[WHAT TO PRODUCE]
Each line in these records that contains "lparr" counts once. Give the number only.

Stored data:
________________________________________
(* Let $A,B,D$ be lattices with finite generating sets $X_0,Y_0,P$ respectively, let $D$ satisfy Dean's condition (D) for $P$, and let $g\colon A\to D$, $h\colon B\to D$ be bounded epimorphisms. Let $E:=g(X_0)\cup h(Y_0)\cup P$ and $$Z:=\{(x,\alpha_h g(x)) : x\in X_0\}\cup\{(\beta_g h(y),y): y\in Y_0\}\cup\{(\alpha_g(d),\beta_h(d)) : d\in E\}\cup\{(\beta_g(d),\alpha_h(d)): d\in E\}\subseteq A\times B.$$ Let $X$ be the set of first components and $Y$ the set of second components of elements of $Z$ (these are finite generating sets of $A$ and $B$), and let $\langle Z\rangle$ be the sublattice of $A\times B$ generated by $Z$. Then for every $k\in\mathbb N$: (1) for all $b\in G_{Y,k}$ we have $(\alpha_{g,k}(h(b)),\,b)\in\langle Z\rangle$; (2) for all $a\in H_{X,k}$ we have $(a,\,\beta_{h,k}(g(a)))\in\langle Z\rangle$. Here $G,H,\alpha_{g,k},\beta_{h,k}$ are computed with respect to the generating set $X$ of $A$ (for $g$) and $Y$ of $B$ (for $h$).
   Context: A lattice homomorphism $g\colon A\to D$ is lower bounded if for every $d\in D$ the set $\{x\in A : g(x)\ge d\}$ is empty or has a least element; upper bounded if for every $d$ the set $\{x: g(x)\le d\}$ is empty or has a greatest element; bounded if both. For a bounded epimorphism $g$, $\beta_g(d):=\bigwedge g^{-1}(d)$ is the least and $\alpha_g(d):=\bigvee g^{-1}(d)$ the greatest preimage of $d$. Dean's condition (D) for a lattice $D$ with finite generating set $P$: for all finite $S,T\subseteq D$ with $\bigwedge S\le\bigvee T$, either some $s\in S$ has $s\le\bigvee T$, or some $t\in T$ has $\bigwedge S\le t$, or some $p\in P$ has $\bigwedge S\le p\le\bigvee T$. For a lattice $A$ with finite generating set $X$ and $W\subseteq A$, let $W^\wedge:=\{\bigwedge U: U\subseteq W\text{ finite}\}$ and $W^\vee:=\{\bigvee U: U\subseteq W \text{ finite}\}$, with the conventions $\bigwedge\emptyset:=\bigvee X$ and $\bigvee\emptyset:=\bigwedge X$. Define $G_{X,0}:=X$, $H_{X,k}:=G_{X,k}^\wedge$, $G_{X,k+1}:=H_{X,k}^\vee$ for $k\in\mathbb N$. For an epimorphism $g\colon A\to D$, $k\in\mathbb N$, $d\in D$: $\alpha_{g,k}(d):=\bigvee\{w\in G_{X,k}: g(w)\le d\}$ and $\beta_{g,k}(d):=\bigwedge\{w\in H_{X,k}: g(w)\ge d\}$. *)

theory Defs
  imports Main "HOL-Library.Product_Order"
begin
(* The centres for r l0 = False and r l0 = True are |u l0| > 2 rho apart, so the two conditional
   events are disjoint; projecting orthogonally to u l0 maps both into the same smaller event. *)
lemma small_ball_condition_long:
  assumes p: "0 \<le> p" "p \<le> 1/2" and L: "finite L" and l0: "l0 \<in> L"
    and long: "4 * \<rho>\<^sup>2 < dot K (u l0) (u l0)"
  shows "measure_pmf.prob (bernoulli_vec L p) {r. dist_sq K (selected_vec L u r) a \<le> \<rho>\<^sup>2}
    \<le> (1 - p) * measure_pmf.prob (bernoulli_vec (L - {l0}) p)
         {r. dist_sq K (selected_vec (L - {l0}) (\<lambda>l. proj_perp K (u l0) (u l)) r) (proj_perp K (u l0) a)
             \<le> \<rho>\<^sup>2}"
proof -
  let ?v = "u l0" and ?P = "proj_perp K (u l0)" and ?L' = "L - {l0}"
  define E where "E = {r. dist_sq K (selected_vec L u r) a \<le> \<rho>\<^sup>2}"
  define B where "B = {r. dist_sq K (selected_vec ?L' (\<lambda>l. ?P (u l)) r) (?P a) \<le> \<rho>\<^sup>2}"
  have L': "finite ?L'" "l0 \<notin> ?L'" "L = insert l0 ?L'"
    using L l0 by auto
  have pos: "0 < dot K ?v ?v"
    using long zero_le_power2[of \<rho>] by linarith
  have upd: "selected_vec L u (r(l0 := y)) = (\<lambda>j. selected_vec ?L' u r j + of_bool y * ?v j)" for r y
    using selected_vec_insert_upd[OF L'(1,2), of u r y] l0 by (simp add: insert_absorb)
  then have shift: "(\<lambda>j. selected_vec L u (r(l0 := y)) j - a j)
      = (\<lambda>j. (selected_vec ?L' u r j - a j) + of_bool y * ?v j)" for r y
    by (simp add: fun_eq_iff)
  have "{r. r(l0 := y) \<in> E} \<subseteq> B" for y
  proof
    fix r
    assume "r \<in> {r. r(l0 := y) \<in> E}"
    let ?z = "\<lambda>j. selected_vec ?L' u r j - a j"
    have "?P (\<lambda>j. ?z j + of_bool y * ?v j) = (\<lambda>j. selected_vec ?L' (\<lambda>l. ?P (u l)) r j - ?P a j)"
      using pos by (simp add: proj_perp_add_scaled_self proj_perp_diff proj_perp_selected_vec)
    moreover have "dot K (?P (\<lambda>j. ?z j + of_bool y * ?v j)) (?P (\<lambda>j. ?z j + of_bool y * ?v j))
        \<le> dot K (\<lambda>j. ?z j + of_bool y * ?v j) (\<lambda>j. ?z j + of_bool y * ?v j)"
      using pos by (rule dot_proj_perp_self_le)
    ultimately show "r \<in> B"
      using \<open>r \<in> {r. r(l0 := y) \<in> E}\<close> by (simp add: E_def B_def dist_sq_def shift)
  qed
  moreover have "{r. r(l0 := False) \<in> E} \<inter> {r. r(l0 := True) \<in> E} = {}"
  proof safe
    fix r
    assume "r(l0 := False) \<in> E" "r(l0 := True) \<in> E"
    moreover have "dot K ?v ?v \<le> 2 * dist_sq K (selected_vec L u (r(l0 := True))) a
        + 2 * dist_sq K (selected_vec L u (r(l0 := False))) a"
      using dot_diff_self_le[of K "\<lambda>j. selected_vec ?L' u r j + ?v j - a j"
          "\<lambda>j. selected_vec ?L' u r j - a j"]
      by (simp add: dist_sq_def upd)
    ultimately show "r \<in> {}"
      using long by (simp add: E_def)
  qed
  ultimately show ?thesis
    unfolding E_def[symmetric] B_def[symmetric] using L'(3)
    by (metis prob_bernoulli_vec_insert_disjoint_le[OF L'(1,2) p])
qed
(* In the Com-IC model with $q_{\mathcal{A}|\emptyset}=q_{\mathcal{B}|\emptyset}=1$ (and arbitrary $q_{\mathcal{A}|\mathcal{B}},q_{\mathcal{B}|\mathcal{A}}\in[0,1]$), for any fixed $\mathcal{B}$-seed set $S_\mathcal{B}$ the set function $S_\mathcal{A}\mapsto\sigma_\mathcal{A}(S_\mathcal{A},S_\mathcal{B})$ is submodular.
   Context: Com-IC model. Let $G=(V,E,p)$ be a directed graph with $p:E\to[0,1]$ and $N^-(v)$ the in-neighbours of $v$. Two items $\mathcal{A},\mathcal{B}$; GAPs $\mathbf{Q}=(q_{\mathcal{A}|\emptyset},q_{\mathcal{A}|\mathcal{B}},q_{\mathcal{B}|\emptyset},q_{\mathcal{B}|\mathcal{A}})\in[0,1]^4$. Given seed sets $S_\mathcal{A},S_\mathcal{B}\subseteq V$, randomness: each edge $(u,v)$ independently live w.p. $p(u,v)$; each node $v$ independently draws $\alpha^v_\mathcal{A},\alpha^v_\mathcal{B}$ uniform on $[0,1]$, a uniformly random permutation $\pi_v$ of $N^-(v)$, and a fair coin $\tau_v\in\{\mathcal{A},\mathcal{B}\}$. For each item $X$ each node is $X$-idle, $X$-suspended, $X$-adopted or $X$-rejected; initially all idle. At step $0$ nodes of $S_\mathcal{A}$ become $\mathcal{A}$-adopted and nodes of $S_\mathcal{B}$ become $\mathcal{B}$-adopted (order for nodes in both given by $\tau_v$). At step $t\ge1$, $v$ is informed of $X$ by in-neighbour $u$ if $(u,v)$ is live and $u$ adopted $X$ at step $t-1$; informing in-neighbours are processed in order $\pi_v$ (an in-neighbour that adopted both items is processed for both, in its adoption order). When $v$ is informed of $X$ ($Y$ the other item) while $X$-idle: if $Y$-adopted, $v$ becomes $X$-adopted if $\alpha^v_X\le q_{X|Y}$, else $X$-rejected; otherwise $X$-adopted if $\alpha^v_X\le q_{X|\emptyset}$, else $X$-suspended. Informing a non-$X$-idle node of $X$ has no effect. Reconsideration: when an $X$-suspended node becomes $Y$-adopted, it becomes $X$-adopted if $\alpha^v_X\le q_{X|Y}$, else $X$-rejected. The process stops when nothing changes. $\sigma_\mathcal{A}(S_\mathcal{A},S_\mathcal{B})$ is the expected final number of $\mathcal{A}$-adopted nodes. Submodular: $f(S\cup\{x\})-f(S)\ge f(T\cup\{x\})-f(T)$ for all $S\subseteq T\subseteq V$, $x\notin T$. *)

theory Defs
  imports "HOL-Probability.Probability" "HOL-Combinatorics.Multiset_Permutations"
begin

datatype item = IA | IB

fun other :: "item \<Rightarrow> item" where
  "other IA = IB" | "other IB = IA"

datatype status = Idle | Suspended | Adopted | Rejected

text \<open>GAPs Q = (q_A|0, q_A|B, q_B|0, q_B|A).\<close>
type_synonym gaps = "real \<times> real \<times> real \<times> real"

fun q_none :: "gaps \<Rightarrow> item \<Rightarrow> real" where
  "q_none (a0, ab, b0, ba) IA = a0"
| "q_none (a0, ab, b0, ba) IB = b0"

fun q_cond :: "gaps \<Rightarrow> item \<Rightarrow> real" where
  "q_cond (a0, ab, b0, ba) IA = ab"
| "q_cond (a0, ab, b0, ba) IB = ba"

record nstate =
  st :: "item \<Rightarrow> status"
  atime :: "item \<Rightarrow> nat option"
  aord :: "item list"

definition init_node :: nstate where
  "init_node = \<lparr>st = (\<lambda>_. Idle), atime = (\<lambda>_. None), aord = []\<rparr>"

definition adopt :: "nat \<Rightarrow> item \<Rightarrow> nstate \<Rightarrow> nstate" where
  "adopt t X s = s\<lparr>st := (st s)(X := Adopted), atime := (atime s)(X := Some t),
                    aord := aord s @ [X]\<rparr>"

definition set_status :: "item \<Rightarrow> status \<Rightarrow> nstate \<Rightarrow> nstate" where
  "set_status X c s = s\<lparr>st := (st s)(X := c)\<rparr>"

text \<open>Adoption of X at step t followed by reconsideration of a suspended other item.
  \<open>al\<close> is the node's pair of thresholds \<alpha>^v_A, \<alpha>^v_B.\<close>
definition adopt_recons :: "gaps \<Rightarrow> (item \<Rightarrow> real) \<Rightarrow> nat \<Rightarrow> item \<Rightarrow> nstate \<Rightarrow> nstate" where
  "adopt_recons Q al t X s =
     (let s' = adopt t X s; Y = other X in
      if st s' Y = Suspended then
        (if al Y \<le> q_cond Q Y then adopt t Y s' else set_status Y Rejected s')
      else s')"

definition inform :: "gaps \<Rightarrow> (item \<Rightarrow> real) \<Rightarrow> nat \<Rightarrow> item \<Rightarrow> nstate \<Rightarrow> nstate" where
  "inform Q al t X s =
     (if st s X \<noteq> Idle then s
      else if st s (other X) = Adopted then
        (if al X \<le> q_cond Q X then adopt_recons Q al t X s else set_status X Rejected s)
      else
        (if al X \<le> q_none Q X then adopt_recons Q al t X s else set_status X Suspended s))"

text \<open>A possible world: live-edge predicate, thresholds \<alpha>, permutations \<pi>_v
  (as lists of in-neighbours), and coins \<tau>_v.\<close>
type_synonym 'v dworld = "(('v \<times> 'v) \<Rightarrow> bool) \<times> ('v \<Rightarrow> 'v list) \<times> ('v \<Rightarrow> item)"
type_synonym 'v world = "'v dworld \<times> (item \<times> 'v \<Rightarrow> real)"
________________________________________
[WRITTEN SOLUTION]
3